How do you use the ratio test to test the convergence of the series #∑(4^n) /( 3^n + 1)# from n=1 to infinity?

Question

Emily Ammerman · Accepted Answer

Use the ratio test to find that this series diverges...

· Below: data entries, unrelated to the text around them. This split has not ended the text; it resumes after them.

(* Let $G=(V,E,L)$ be a graph with loops and let $V^+:=\{i\in V:\{i,i\}\in L^+\}$. If $V^+$ is a stable set of the graph $(V,E)$, then $\mathrm{QP}(G)$ is second-order cone (SOC) representable.
   Context: A graph with loops is a triple $G=(V,E,L)$ where $V$ is a finite node set, $E$ is a set of unordered pairs $\{i,j\}$ of distinct nodes, and $L$ is a set of loops, each written $\{i,i\}$ for some $i\in V$ (at most one per node), partitioned as $L=L^-\cup L^+$ into minus loops and plus loops. Define $$\mathrm{QP}(G):=\mathrm{conv}\Big\{z\in\mathbb{R}^{V\cup E\cup L}: z_{ii}\ge z_i^2\ \forall\{i,i\}\in L^+,\ z_{ii}\le z_i^2\ \forall \{i,i\}\in L^-,\ z_{ij}=z_iz_j\ \forall \{i,j\}\in E,\ z_i\in[0,1]\ \forall i\in V\Big\}.$$ A convex set is SOC-representable if it is the projection of a set (in a possibly higher-dimensional space) described by finitely many linear equalities/inequalities and (rotated) second-order cone constraints composed with affine maps. *)

theory Defs
  imports "HOL-Analysis.Analysis"
begin

text \<open>Graph with loops G = (V, E, L), L = Lminus \<union> Lplus.  A loop {i,i} is identified
  with its node i; Lminus and Lplus are the node sets carrying a minus/plus loop.\<close>

definition graph_with_loops :: "'v set \<Rightarrow> 'v set set \<Rightarrow> 'v set \<Rightarrow> 'v set \<Rightarrow> bool" where
  "graph_with_loops V E Lminus Lplus \<longleftrightarrow>
     finite V \<and> (\<forall>e\<in>E. \<exists>i j. i \<in> V \<and> j \<in> V \<and> i \<noteq> j \<and> e = {i, j}) \<and>
     Lminus \<subseteq> V \<and> Lplus \<subseteq> V \<and> Lminus \<inter> Lplus = {}"

datatype 'v coord = Nd 'v | Ed "'v set" | Lp 'v

definition coords :: "'v set \<Rightarrow> 'v set set \<Rightarrow> 'v set \<Rightarrow> 'v set \<Rightarrow> 'v coord set" where
  "coords V E Lminus Lplus = Nd ` V \<union> Ed ` E \<union> Lp ` (Lminus \<union> Lplus)"

text \<open>Points of R^I are functions vanishing outside the finite index set I.\<close>
definition supported_on :: "'i set \<Rightarrow> ('i \<Rightarrow> real) \<Rightarrow> bool" where
  "supported_on I z \<longleftrightarrow> (\<forall>i. i \<notin> I \<longrightarrow> z i = 0)"

definition conv_hull :: "('i \<Rightarrow> real) set \<Rightarrow> ('i \<Rightarrow> real) set" where
  "conv_hull X = {z. \<exists>(n::nat) (l::nat \<Rightarrow> real) (x::nat \<Rightarrow> 'i \<Rightarrow> real).
      (\<forall>t<n. 0 \<le> l t \<and> x t \<in> X) \<and> (\<Sum>t<n. l t) = 1 \<and> z = (\<lambda>i. \<Sum>t<n. l t * x t i)}"

definition QP_set :: "'v set \<Rightarrow> 'v set set \<Rightarrow> 'v set \<Rightarrow> 'v set \<Rightarrow> ('v coord \<Rightarrow> real) set" where
  "QP_set V E Lminus Lplus = {z. supported_on (coords V E Lminus Lplus) z \<and>
      (\<forall>i\<in>Lplus. z (Lp i) \<ge> (z (Nd i))\<^sup>2) \<and>
      (\<forall>i\<in>Lminus. z (Lp i) \<le> (z (Nd i))\<^sup>2) \<and>
      (\<forall>e\<in>E. \<forall>i j. e = {i, j} \<and> i \<noteq> j \<longrightarrow> z (Ed e) = z (Nd i) * z (Nd j)) \<and>
      (\<forall>i\<in>V. 0 \<le> z (Nd i) \<and> z (Nd i) \<le> 1)}"

definition QP :: "'v set \<Rightarrow> 'v set set \<Rightarrow> 'v set \<Rightarrow> 'v set \<Rightarrow> ('v coord \<Rightarrow> real) set" where
  "QP V E Lminus Lplus = conv_hull (QP_set V E Lminus Lplus)"

text \<open>An affine functional on R^I \<times> R^k, given by coefficients (a, b, c):
  (z, w) \<mapsto> \<Sum>i\<in>I. a i * z i + \<Sum>j<k. b j * w j + c.\<close>
type_synonym 'i affine_fn = "('i \<Rightarrow> real) \<times> (nat \<Rightarrow> real) \<times> real"

definition aff_eval :: "'i set \<Rightarrow> nat \<Rightarrow> 'i affine_fn \<Rightarrow> ('i \<Rightarrow> real) \<Rightarrow> (nat \<Rightarrow> real) \<Rightarrow> real" where
  "aff_eval I k f z w = (\<Sum>i\<in>I. fst f i * z i) + (\<Sum>j<k. fst (snd f) j * w j) + snd (snd f)"
(* Let $d\ge 2$ and let $P\subset\mathbb{R}^d$ be a generic convex simplicial $d$-dimensional polytope. Then $P$ has at least $d+1$ BM-ears, i.e. the number of Delaunay BM-ears of $P$ plus the number of upper Delaunay BM-ears of $P$ is at least $d+1$.
   Context: $P$ is generic if no $d+2$ of its vertices lie on a common $(d-1)$-dimensional sphere and $P$ is not a $d$-simplex. Let $V$ be the vertex set of $P$ and $f:\mathbb{R}^d\to\mathbb{R}^{d+1}$, $f(x_1,\dots,x_d)=(x_1,\dots,x_d,x_1^2+\dots+x_d^2)$. Let $P'$ be the convex hull of $f(V)$; it is a $(d+1)$-dimensional simplicial polytope with vertex set $f(V)$, and no facet of $P'$ has an outer normal with zero last coordinate. A facet of $P'$ is lower if its outer normal has negative last coordinate and upper if it is positive. The orthogonal projections (forgetting the last coordinate) of the lower facets form the Delaunay triangulation $DT(P)$ of $P$ (the simplices with vertices in $V$ whose circumsphere has no vertex of $P$ inside), and those of the upper facets form the upper Delaunay triangulation $UDT(P)$ (simplices whose circumsphere has all other vertices of $P$ inside). A facet $F$ of $P'$ is visible from a point $A$ if $A$ and $P'$ lie in opposite open half-spaces of the hyperplane $\mathrm{aff}(F)$. A simplex of $DT(P)$ is a Delaunay BM-ear if it is the projection of a lower facet $F$ of $P'$ that is the last facet of a Bruggesser–Mani shelling of the complex of lower facets, i.e. there exist a point $A\in\mathbb{R}^{d+1}$ from which exactly the lower facets of $P'$ are visible and a point $O$ in the interior of $P'$ such that the segment $OA$ meets the hyperplanes spanned by the lower facets in distinct points and $\mathrm{aff}(F)$ is the last of them met when moving from $O$ to $A$. Upper Delaunay BM-ears are defined in the same way using upper facets, $UDT(P)$, and points $A$ from which exactly the upper facets of $P'$ are visible. A BM-ear is a Delaunay BM-ear or an upper Delaunay BM-ear. *)

theory Defs
  imports "HOL-Analysis.Analysis"
begin
lemma st_diff: "st (x - y) = st x - st y"
  using st_add[of x "- y"] by (simp add: st_minus)

lemma tp_eq_jtp: "tp jp st a b c = jtp a (st b) c"
  by (simp add: tp_def jtp_def)

lemma st_jtp: "st (jtp a b c) = jtp (st a) (st b) (st c)"
  by (simp add: jtp_def st_add st_diff st_jp)

lemma tp_commute: "tp jp st x y z = tp jp st z y x"
  unfolding tp_def by (simp add: jp_commute[of x z] algebra_simps)

lemma tp_add_middle: "tp jp st x (y + y') z = tp jp st x y z + tp jp st x y' z"
  by (simp add: tp_def jp_distribs st_add algebra_simps)

lemma tp_minus_middle: "tp jp st x (- y) z = - tp jp st x y z"
  by (simp add: tp_def jp_distribs st_minus algebra_simps)

lemma tp_diff_middle: "tp jp st x (y - y') z = tp jp st x y z - tp jp st x y' z"
  by (simp add: tp_def jp_distribs st_diff algebra_simps)

lemma tp_identity:
  "tp jp st a b (tp jp st a c a) + tp jp st a (tp jp st b a c) a =
   tp jp st (tp jp st a b a) c a + tp jp st a c (tp jp st a b a)"
  using jtp_identity[of a "st b" "st c"] by (simp add: tp_eq_jtp st_jtp st_st)

abbreviation Q :: "'a \<Rightarrow> 'a \<Rightarrow> 'a" where
  "Q e x \<equiv> tp jp st e x e"

lemma tripotent_Q_L_L_Q:
  assumes "tripotent jp st e"
  shows "Q e (tp jp st e e x) = Q e x" and "tp jp st e e (Q e x) = Q e x"
proof -
  define p q r where "p = tp jp st e e (Q e x)" and "q = Q e (tp jp st e e x)" and "r = Q e x"
  have e: "tp jp st e e e = e"
    using assms by (simp add: tripotent_def)
  have pq: "p + q = r + r"
    using tp_identity[of e e x] by (simp add: e p_def q_def r_def)
  have rq: "r + q = p + p"
    using tp_identity[of e x e] tp_commute[of "Q e x" e e] tp_commute[of x e e]
    by (simp add: e p_def q_def r_def)
  have "p + p + p = r + r + r"
    using pq rq by (metis add.assoc add.commute add_right_cancel)
  then have "(1 + 2) *\<^sub>R p = (1 + 2) *\<^sub>R r"
    by (simp only: scaleR_add_left scaleR_one scaleR_2 add.assoc)
  then have "p = r" by simp
  with pq have "q = r" by simp
  with \<open>p = r\<close> show "Q e (tp jp st e e x) = Q e x" and "tp jp st e e (Q e x) = Q e x"
    by (simp_all add: p_def q_def r_def)
qed

lemma tp_central_middle:
  assumes "z \<in> centre_on UNIV jp" and "st z = z"
  shows "tp jp st a (jp z b) c = jp z (tp jp st a b c)"
proof -
  have central: "jp (jp z x) y = jp z (jp x y)" for x y
    using assms(1) by (simp add: centre_on_def)
  then have central': "jp y (jp z x) = jp z (jp x y)" "jp (jp x z) y = jp z (jp x y)"
    "jp y (jp x z) = jp z (jp x y)" for x y
    by (metis jp_commute)+
  show ?thesis
    by (simp add: tp_def central central' jp_distribs jp_commute st_jp assms(2))
qed

lemma triple_derivation_tripotent_Q_Q:
  assumes "triple_derivation_on UNIV sc jp st \<delta>" and "tripotent jp st e"
  shows "Q e (Q e (\<delta> e)) = - Q e (\<delta> e)"
proof -
  have e: "tp jp st e e e = e"
    using assms(2) by (simp add: tripotent_def)
  have "\<delta> e = tp jp st e e (\<delta> e) + Q e (\<delta> e) + tp jp st e e (\<delta> e)"
    using assms(1) e[THEN arg_cong, of \<delta>] tp_commute[of "\<delta> e" e e]
    by (simp add: triple_derivation_on_def)
  then have "Q e (\<delta> e) = Q e (\<delta> e) + Q e (Q e (\<delta> e)) + Q e (\<delta> e)"
    by (metis tp_add_middle tripotent_Q_L_L_Q(1)[OF assms(2)])
  then show ?thesis
    by (simp add: algebra_simps eq_neg_iff_add_eq_0)
qed

lemma peirce2_tp_unit:
  assumes "tripotent jp st e" and "a \<in> peirce2 jp st e"
  shows "tp (prod_e jp st e) (star_e jp st e) a e e = a"
    and "tp (prod_e jp st e) (star_e jp st e) e e a = a"
    and "tp (prod_e jp st e) (star_e jp st e) e a e = Q e a"
proof -
  have e: "tp jp st e e e = e"
    using assms(1) by (simp add: tripotent_def)
  have unit: "prod_e jp st e e v = v" "prod_e jp st e v e = v" if "tp jp st e e v = v" for v
    using that tp_commute[of v e e] by (simp_all add: prod_e_def)
  have "tp jp st e e a = a"
    using assms(2) by (simp add: peirce2_def)
  moreover have "tp jp st e e (Q e a) = Q e a"
    using tripotent_Q_L_L_Q(2)[OF assms(1)] .
  ultimately show "tp (prod_e jp st e) (star_e jp st e) a e e = a"
    and "tp (prod_e jp st e) (star_e jp st e) e e a = a"
    and "tp (prod_e jp st e) (star_e jp st e) e a e = Q e a"
    unfolding tp_def[of "prod_e jp st e"] using unit[OF e] unit by (simp_all add: star_e_def e)
qed

lemma peirce2_triple_derivation_tripotent_Q:
  assumes "triple_derivation_on (peirce2 jp st e) sc (prod_e jp st e) (star_e jp st e) \<delta>"
    and "tripotent jp st e"
  shows "Q e (\<delta> e) = - \<delta> e"
proof -
  have e2: "e \<in> peirce2 jp st e"
    using assms(2) by (simp add: tripotent_def peirce2_def)
  then have "\<delta> e \<in> peirce2 jp st e"
    using assms(1) by (auto simp: triple_derivation_on_def)
  moreover have "\<delta> (tp (prod_e jp st e) (star_e jp st e) e e e) =
      tp (prod_e jp st e) (star_e jp st e) (\<delta> e) e e + tp (prod_e jp st e) (star_e jp st e) e (\<delta> e) e
      + tp (prod_e jp st e) (star_e jp st e) e e (\<delta> e)"
    using assms(1) e2 by (simp add: triple_derivation_on_def)
  ultimately have "\<delta> e = \<delta> e + Q e (\<delta> e) + \<delta> e"
    by (simp add: peirce2_tp_unit[OF assms(2)] e2)
  then show ?thesis
    by (simp add: algebra_simps eq_neg_iff_add_eq_0)
qed

end

lemma JBstar_algebra_jordan_star_algebra:
  "JBstar_algebra sc jp st \<Longrightarrow> jordan_star_algebra jp st"
  unfolding JBstar_algebra_def by unfold_locales auto
lemma parent_arc: "i < n \<Longrightarrow> has_in_arc i \<Longrightarrow> G (parent i) i \<noteq> None"
  using LeastI_ex[of "\<lambda>j. G j i \<noteq> None"] unfolding parent_def has_in_arc_def by auto

lemma parent_less: "i < n \<Longrightarrow> has_in_arc i \<Longrightarrow> parent i < n"
  using parent_arc arc_vertices by blast

lemma side_in_nbrs_less: "k \<in> side_in_nbrs i \<Longrightarrow> k < n"
  using arc_vertices by (auto simp: side_in_nbrs_def)

lemma parent_notin_side_in_nbrs: "parent i \<notin> side_in_nbrs i"
  by (auto simp: side_in_nbrs_def)

lemma F_outside: "\<not> (i < n \<and> has_in_arc i) \<Longrightarrow> F x i = 0"
  unfolding F_def by auto

lemma F_zero_or_active: "F x i = 0 \<or> F x i = active_value i"
  unfolding F_def local_rule_def by (auto split: if_split)

lemma F_neq_idle: "F x j \<noteq> idle_value j"
  using F_zero_or_active[of x j] by (auto simp: idle_value_def active_value_def)

lemma F_in_configs: "F x \<in> configs 3 n"
proof -
  have "F x i < 3" for i
    using F_zero_or_active[of x i] by (auto simp: active_value_def)
  then show ?thesis using F_outside by (auto simp: configs_def)
qed

subsection \<open>The interaction graph\<close>

lemma F_depends_on_in_nbrs:
  assumes "\<And>k. G k i \<noteq> None \<Longrightarrow> x k = y k"
  shows "F x i = F y i"
proof (cases "i < n \<and> has_in_arc i")
  case True
  have "x (parent i) = y (parent i)" using assms parent_arc True by blast
  moreover have "\<forall>k\<in>side_in_nbrs i. x k = y k" using assms by (auto simp: side_in_nbrs_def)
  then have "gate i x = gate i y" by (simp add: gate_def)
  ultimately show ?thesis by (simp add: F_def)
qed (simp add: F_outside)

lemma gate_fun_upd_parent: "gate i (x(parent i := v)) = gate i x"
  using parent_notin_side_in_nbrs by (auto simp: gate_def)

lemma gate_fun_upd_side:
  assumes "j \<in> side_in_nbrs i"
  shows "gate i (x(j := w)) \<longleftrightarrow> w = sign_value (the (G j i)) \<and> gate i (x(j := sign_value (the (G j i))))"
  using assms unfolding gate_def by (auto split: if_splits)
lemma eval_in_closed_alg:
  assumes "closed_alg ar ops A" "wf_fm ar t" "\<forall>n. v n \<in> A"
  shows "eval ops v t \<in> A"
  using assms(2)
proof (induction t)
  case (App f xs)
  then have "length (map (eval ops v) xs) = ar f" "set (map (eval ops v) xs) \<subseteq> A"
    by auto
  then show ?case
    using assms(1) unfolding closed_alg_def by simp
qed (use assms(3) in simp)

lemma cons_relD:
  "(\<Gamma>, \<psi>) \<in> cons_rel ar ops A F \<Longrightarrow> \<forall>n. v n \<in> A \<Longrightarrow> \<forall>\<gamma>\<in>\<Gamma>. eval ops v \<gamma> \<in> F \<Longrightarrow>
    eval ops v \<psi> \<in> F"
  by (simp add: cons_rel_def)

definition generates :: "('f \<Rightarrow> nat) \<Rightarrow> ('f \<Rightarrow> 'a list \<Rightarrow> 'a) \<Rightarrow> 'a set \<Rightarrow> 'a \<Rightarrow> bool" where
  "generates ar ops A b \<longleftrightarrow> (\<forall>c\<in>A. \<exists>t. wf_fm ar t \<and> eval ops (\<lambda>_. b) t = c)"

lemma generates_realizes_valuation:
  assumes "generates ar ops A (v m)" "\<forall>x. w x \<in> A"
  obtains \<sigma> where "\<forall>x. wf_fm ar (\<sigma> x)" "\<forall>x. eval ops v (\<sigma> x) = w x"
proof -
  have "\<forall>x. \<exists>t. wf_fm ar t \<and> eval ops (\<lambda>_. v m) t = w x"
    using assms unfolding generates_def by blast
  then obtain t where t: "\<forall>x. wf_fm ar (t x) \<and> eval ops (\<lambda>_. v m) (t x) = w x"
    by metis
  show thesis
  proof (rule that[of "\<lambda>x. subst (\<lambda>_. Var m) (t x)"])
    show "\<forall>x. wf_fm ar (subst (\<lambda>_. Var m) (t x))"
      using t by (simp add: wf_subst)
    show "\<forall>x. eval ops v (subst (\<lambda>_. Var m) (t x)) = w x"
      using t by (simp add: eval_subst)
  qed
qed

lemma cons_rel_subalgebra:
  assumes "A2 \<subseteq> A1" "closed_alg ar ops A2" "F2 = F1 \<inter> A2"
  shows "cons_rel ar ops A1 F1 \<subseteq> cons_rel ar ops A2 F2"
proof (rule subrelI)
  fix \<Gamma> \<psi>
  assume "(\<Gamma>, \<psi>) \<in> cons_rel ar ops A1 F1"
  then have wf: "\<forall>\<gamma>\<in>\<Gamma>. wf_fm ar \<gamma>" "wf_fm ar \<psi>"
    and L1: "\<And>v. \<forall>n. v n \<in> A1 \<Longrightarrow> \<forall>\<gamma>\<in>\<Gamma>. eval ops v \<gamma> \<in> F1 \<Longrightarrow> eval ops v \<psi> \<in> F1"
    by (auto simp: cons_rel_def)
  have "eval ops v \<psi> \<in> F2" if v: "\<forall>n. v n \<in> A2" and \<Gamma>: "\<forall>\<gamma>\<in>\<Gamma>. eval ops v \<gamma> \<in> F2" for v
  proof -
    have "eval ops v \<psi> \<in> F1"
      using L1 v \<Gamma> assms(1,3) by blast
    moreover have "eval ops v \<psi> \<in> A2"
      using eval_in_closed_alg[OF assms(2) wf(2) v] .
    ultimately show ?thesis
      using assms(3) by blast
  qed
  then show "(\<Gamma>, \<psi>) \<in> cons_rel ar ops A2 F2"
    using wf by (simp add: cons_rel_def)
qed

lemma cons_plus_subset_cons_rel:
  assumes "A2 \<subseteq> A1" "closed_alg ar ops A2" "F2 = F1 \<inter> A2" "({}, \<phi>) \<in> cons_rel ar ops A2 F2"
  shows "cons_plus ar ops A1 F1 \<phi> \<subseteq> cons_rel ar ops A2 F2"
proof (rule subrelI)
  fix \<Gamma> \<psi>
  assume "(\<Gamma>, \<psi>) \<in> cons_plus ar ops A1 F1 \<phi>"
  then have wf: "\<forall>\<gamma>\<in>\<Gamma>. wf_fm ar \<gamma>" "wf_fm ar \<psi>"
    and L1: "(\<Gamma> \<union> {subst \<sigma> \<phi> | \<sigma>. \<forall>n. wf_fm ar (\<sigma> n)}, \<psi>) \<in> cons_rel ar ops A1 F1"
    by (simp_all add: cons_plus_def)
  have "eval ops v \<psi> \<in> F2" if v: "\<forall>n. v n \<in> A2" and \<Gamma>: "\<forall>\<gamma>\<in>\<Gamma>. eval ops v \<gamma> \<in> F2" for v
  proof -
    have "eval ops v \<gamma> \<in> F1" if inst: "\<gamma> \<in> {subst \<sigma> \<phi> | \<sigma>. \<forall>n. wf_fm ar (\<sigma> n)}" for \<gamma>
    proof -
      obtain \<sigma> where \<gamma>: "\<gamma> = subst \<sigma> \<phi>" and "\<forall>n. wf_fm ar (\<sigma> n)"
        using inst by blast
      then have "\<forall>n. eval ops v (\<sigma> n) \<in> A2"
        using eval_in_closed_alg[OF assms(2) _ v] by blast
      then show ?thesis
        using assms(3,4) by (simp add: \<gamma> cons_rel_def eval_subst)
    qed
    then have "\<forall>\<gamma>\<in>\<Gamma> \<union> {subst \<sigma> \<phi> | \<sigma>. \<forall>n. wf_fm ar (\<sigma> n)}. eval ops v \<gamma> \<in> F1"
      using \<Gamma> assms(3) by blast
    moreover have "\<forall>n. v n \<in> A1"
      using v assms(1) by blast
    ultimately have "eval ops v \<psi> \<in> F1"
      using cons_relD[OF L1] by blast
    moreover have "eval ops v \<psi> \<in> A2"
      using eval_in_closed_alg[OF assms(2) wf(2) v] .
    ultimately show ?thesis
      using assms(3) by blast
  qed
  then show "(\<Gamma>, \<psi>) \<in> cons_rel ar ops A2 F2"
    using wf by (simp add: cons_rel_def)
qed

lemma valuation_in_subalgebra_if_instances_hold:
  assumes gen: "\<forall>c\<in>A1 - A2. generates ar ops A1 c"
    and refuted: "wf_fm ar \<phi>" "({}, \<phi>) \<notin> cons_rel ar ops A1 F1"
    and v: "\<forall>n. v n \<in> A1"
    and instances: "\<forall>\<sigma>. (\<forall>n. wf_fm ar (\<sigma> n)) \<longrightarrow> eval ops v (subst \<sigma> \<phi>) \<in> F1"
  shows "v m \<in> A2"
proof (rule ccontr)
  assume "v m \<notin> A2"
  then have "generates ar ops A1 (v m)"
    using gen v by blast
  obtain w where w: "\<forall>x. w x \<in> A1" and "eval ops w \<phi> \<notin> F1"
    using refuted by (auto simp: cons_rel_def)
  moreover obtain \<sigma> where "\<forall>x. wf_fm ar (\<sigma> x)" "\<forall>x. eval ops v (\<sigma> x) = w x"
    using generates_realizes_valuation[of ar ops A1 v m w, OF \<open>generates ar ops A1 (v m)\<close> w] .
  ultimately show False
    using instances by (auto simp: eval_subst)
qed

lemma cons_rel_subset_cons_plus:
  assumes "closed_alg ar ops A2" "F2 = F1 \<inter> A2"
    and gen: "\<forall>c\<in>A1 - A2. generates ar ops A1 c"
    and refuted: "wf_fm ar \<phi>" "({}, \<phi>) \<notin> cons_rel ar ops A1 F1"
  shows "cons_rel ar ops A2 F2 \<subseteq> cons_plus ar ops A1 F1 \<phi>"
proof (rule subrelI)
  fix \<Gamma> \<psi>
  assume "(\<Gamma>, \<psi>) \<in> cons_rel ar ops A2 F2"
  then have wf: "\<forall>\<gamma>\<in>\<Gamma>. wf_fm ar \<gamma>" "wf_fm ar \<psi>"
    and L2: "\<And>v. \<forall>n. v n \<in> A2 \<Longrightarrow> \<forall>\<gamma>\<in>\<Gamma>. eval ops v \<gamma> \<in> F2 \<Longrightarrow> eval ops v \<psi> \<in> F2"
    by (auto simp: cons_rel_def)
  have "eval ops v \<psi> \<in> F1"
    if v: "\<forall>n. v n \<in> A1"
      and hyps: "\<forall>\<gamma>\<in>\<Gamma> \<union> {subst \<sigma> \<phi> | \<sigma>. \<forall>n. wf_fm ar (\<sigma> n)}. eval ops v \<gamma> \<in> F1"
    for v
  proof -
    have \<Gamma>: "\<forall>\<gamma>\<in>\<Gamma>. eval ops v \<gamma> \<in> F1"
      and instances: "\<forall>\<sigma>. (\<forall>n. wf_fm ar (\<sigma> n)) \<longrightarrow> eval ops v (subst \<sigma> \<phi>) \<in> F1"
      using hyps by blast+
    have v2: "\<forall>n. v n \<in> A2"
      using valuation_in_subalgebra_if_instances_hold[OF gen refuted v instances] by blast
    then have "\<forall>\<gamma>\<in>\<Gamma>. eval ops v \<gamma> \<in> F2"
      using \<Gamma> wf assms(2) eval_in_closed_alg[OF assms(1)] by blast
    then show ?thesis
      using L2 v2 assms(2) by blast
  qed
  then show "(\<Gamma>, \<psi>) \<in> cons_plus ar ops A1 F1 \<phi>"
    using wf by (auto simp: cons_plus_def cons_rel_def wf_subst[OF refuted(1)])
qed

lemma maximal_wrt_if_outside_elements_generate:
  assumes "A2 \<subseteq> A1" "closed_alg ar ops A2" "F2 = F1 \<inter> A2"
    and "cons_rel ar ops A1 F1 \<noteq> cons_rel ar ops A2 F2"
    and "\<forall>c\<in>A1 - A2. generates ar ops A1 c"
  shows "maximal_wrt ar ops A1 F1 A2 F2"
  unfolding maximal_wrt_def
proof (intro conjI allI impI)
  show "cons_rel ar ops A1 F1 \<subset> cons_rel ar ops A2 F2"
    using cons_rel_subalgebra[OF assms(1-3)] assms(4) by blast
  fix \<phi>
  assume "wf_fm ar \<phi>" "({}, \<phi>) \<in> cons_rel ar ops A2 F2" "({}, \<phi>) \<notin> cons_rel ar ops A1 F1"
  then show "cons_plus ar ops A1 F1 \<phi> = cons_rel ar ops A2 F2"
    using cons_plus_subset_cons_rel[OF assms(1-3)] cons_rel_subset_cons_plus[OF assms(2,3,5)]
    by blast
qed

Let #a_n = 4^n/(3^n+1)# Then: #a_(n+1)/a_n = (4^(n+1)/(3^(n+1)+1))/(4^n/(3^n + 1))# #=(4^(n+1)(3^n+1))/(4^n(3^(n+1)+1))# #=4/3*(1+3^-n)/(1+3^(-n-1))# So #lim_(n->oo) a_(n+1)/a_n = 4/3# Since this is greater than #1#, the series diverges.

Evelyn Agard · Answer

undefined To use the ratio test for the convergence of the series $\sum \frac{4^n}{3^n + 1}$, we compute the limit:

$$
L = \lim_{{n \to \infty}} \left|\frac{a_{n+1}}{a_n}\right|
$$

where $a_n = \frac{4^n}{3^n + 1}$.

First, find $a_{n+1}$ and $a_n$:

$$
a_{n+1} = \frac{4^{n+1}}{3^{n+1} + 1}, \quad a_n = \frac{4^n}{3^n + 1}
$$

Now, compute the ratio:

$$
\frac{a_{n+1}}{a_n} = \frac{\frac{4^{n+1}}{3^{n+1} + 1}}{\frac{4^n}{3^n + 1}}
$$

Simplify:

$$
\frac{a_{n+1}}{a_n} = \frac{4^{n+1}(3^n + 1)}{4^n(3^{n+1} + 1)} = \frac{4(3^n + 1)}{3(3^{n+1} + 1)}
$$

Simplify further:

$$
\frac{a_{n+1}}{a_n} = \frac{4}{3} \cdot \frac{3^n + 1}{3^{n+1} + 1}
$$

As $n$ approaches infinity, $\frac{3^n + 1}{3^{n+1} + 1}$ approaches $\frac{1}{3}$. Therefore,

$$
L = \frac{4}{3} \cdot \frac{1}{3} = \frac{4}{9}
$$

Since $L < 1$, by the ratio test, the series $\sum \frac{4^n}{3^n + 1}$ converges.